= Task brief =
Write only the number of lines in the data that contain the word "imports".

[Source data]
= Beginning of Section =

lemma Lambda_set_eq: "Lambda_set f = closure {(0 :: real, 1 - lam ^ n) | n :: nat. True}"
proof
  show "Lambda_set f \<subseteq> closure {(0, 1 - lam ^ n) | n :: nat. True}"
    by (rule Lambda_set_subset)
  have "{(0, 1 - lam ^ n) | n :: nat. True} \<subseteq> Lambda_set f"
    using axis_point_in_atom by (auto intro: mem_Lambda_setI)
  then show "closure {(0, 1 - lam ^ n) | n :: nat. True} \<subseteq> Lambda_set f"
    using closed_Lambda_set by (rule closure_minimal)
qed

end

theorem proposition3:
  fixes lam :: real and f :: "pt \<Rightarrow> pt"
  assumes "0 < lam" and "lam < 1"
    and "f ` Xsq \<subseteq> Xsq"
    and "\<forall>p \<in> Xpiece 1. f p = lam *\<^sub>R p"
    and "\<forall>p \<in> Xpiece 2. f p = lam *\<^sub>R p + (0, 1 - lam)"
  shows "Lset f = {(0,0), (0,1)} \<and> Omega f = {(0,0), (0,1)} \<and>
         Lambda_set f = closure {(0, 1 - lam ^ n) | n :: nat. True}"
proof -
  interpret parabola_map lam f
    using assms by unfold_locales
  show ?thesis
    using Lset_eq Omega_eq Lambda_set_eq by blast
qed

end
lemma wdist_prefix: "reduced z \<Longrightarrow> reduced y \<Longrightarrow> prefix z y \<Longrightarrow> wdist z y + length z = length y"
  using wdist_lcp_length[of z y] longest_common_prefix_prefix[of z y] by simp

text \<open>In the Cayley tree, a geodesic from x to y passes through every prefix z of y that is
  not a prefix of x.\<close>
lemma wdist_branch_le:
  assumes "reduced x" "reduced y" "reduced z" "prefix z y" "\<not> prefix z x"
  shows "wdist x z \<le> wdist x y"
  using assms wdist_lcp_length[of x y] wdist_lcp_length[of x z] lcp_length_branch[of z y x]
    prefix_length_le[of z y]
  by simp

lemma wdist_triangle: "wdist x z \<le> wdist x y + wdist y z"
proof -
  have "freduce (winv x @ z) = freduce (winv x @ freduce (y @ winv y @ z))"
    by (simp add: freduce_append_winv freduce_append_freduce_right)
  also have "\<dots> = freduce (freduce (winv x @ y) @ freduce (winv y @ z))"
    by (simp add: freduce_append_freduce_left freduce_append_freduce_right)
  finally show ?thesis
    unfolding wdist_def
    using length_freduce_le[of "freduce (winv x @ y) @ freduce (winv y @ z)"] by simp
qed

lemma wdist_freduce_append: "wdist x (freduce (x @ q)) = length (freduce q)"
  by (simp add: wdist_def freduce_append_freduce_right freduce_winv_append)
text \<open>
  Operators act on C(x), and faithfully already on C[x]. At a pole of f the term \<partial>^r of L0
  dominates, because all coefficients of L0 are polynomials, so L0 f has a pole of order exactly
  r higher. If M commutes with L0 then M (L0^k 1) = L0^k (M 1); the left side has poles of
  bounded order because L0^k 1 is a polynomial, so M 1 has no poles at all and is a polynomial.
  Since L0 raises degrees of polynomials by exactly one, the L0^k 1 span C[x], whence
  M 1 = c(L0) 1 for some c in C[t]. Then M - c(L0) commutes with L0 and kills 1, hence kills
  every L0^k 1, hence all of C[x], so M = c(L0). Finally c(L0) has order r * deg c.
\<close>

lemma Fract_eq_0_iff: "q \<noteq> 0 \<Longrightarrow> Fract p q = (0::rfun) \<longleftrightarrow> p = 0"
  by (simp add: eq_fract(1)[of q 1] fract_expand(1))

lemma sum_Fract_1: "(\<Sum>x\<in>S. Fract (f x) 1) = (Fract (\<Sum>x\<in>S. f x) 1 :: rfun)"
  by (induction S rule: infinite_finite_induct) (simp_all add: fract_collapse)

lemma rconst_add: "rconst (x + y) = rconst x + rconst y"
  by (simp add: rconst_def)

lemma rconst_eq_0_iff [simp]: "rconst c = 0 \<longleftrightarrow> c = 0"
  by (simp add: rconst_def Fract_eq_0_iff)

= End of Section =
= Beginning of Section =

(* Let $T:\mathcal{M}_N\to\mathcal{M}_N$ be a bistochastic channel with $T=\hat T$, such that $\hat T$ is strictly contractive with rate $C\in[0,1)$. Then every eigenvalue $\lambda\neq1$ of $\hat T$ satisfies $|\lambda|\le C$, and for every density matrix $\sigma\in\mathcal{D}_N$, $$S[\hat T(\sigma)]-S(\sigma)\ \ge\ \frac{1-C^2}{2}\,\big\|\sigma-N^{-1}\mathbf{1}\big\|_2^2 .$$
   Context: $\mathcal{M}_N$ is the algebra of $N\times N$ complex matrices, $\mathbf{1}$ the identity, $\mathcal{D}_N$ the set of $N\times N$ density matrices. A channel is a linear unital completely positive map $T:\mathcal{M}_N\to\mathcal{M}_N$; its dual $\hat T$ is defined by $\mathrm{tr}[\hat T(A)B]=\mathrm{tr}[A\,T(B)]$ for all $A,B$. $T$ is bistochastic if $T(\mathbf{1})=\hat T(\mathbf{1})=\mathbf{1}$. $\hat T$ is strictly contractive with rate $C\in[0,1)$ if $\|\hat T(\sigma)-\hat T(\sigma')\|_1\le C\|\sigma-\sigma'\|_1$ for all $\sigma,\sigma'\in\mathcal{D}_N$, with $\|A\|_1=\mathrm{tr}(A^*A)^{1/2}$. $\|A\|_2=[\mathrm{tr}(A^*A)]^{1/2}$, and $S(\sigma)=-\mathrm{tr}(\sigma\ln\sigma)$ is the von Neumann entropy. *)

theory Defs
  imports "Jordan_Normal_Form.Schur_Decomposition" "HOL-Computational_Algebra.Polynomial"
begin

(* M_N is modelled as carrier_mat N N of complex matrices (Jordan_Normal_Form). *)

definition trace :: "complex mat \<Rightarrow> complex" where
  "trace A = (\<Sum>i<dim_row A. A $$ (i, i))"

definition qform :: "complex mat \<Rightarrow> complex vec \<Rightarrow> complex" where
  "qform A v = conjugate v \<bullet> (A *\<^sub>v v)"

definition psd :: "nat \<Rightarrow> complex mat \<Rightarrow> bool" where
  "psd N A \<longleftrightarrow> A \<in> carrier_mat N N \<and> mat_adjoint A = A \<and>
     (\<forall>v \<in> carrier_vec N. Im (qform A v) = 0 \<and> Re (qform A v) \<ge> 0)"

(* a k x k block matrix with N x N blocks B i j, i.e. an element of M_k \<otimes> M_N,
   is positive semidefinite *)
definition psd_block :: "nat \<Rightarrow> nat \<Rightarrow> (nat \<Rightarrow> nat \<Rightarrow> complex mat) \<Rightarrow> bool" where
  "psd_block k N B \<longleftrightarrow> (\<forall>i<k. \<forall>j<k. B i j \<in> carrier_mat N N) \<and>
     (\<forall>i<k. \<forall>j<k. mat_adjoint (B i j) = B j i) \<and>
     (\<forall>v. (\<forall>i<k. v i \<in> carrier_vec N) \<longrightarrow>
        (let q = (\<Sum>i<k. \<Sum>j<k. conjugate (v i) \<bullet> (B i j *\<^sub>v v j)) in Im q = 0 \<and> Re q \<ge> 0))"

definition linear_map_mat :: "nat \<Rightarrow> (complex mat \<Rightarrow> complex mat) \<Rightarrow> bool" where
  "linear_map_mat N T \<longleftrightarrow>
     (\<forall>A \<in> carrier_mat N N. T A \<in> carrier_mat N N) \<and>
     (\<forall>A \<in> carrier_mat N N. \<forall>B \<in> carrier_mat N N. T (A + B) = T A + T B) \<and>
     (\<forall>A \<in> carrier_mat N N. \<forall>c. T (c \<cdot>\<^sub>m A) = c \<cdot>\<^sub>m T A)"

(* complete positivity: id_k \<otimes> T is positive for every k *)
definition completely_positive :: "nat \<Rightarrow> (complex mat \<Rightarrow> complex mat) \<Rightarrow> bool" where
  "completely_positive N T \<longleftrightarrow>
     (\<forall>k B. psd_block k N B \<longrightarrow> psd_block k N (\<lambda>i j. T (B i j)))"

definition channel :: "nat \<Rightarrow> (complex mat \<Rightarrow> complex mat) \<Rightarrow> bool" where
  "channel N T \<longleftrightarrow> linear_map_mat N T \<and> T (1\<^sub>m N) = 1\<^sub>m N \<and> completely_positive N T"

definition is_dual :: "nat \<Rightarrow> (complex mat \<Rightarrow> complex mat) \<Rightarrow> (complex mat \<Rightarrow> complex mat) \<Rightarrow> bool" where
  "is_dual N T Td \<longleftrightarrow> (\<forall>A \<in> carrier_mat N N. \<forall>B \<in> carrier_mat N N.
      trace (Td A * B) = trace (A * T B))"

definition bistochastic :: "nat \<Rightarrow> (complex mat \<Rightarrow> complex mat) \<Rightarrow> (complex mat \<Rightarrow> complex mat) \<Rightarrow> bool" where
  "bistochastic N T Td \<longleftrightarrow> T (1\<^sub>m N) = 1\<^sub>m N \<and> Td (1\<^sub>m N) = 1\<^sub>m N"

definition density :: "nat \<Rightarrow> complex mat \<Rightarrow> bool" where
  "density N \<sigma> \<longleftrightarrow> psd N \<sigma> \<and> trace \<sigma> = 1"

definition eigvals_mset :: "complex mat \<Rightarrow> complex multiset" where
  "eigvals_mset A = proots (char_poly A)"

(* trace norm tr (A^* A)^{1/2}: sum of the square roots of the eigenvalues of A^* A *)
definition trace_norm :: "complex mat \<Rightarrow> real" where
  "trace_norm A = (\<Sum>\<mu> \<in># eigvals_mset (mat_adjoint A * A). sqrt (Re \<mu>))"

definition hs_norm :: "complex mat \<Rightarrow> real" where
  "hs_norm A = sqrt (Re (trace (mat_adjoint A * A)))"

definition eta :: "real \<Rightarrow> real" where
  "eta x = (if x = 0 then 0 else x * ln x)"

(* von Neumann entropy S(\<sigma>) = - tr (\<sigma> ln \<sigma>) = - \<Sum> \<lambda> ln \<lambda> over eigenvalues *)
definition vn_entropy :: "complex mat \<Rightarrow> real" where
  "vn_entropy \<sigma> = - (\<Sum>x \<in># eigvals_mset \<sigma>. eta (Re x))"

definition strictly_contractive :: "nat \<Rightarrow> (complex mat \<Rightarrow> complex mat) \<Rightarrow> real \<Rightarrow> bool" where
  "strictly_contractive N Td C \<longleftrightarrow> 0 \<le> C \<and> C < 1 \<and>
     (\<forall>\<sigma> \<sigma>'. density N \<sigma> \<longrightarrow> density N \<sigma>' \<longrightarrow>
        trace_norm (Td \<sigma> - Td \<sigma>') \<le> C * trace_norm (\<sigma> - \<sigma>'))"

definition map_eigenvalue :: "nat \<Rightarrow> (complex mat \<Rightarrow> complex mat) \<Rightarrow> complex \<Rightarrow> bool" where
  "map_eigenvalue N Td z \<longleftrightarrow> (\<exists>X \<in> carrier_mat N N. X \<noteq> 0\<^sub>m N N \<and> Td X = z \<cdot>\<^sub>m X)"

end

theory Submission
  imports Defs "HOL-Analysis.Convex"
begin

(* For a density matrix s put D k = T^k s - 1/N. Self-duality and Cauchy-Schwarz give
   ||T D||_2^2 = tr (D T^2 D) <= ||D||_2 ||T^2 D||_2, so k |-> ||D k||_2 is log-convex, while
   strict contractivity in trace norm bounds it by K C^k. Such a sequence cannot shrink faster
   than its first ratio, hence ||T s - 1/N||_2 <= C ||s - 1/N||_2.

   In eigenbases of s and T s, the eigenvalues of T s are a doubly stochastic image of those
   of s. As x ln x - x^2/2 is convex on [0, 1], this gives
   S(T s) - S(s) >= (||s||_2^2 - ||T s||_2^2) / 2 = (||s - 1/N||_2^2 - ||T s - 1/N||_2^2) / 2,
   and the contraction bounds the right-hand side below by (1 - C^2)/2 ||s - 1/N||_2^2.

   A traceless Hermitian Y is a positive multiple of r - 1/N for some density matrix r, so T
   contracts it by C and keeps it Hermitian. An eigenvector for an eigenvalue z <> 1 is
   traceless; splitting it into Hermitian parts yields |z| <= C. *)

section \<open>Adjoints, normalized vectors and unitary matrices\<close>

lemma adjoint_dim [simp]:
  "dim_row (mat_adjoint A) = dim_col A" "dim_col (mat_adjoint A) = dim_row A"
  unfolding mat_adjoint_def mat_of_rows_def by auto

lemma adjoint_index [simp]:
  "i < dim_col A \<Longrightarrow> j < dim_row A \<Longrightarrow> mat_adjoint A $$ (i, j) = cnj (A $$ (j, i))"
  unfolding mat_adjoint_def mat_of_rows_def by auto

= End of Section =

= Task output =
2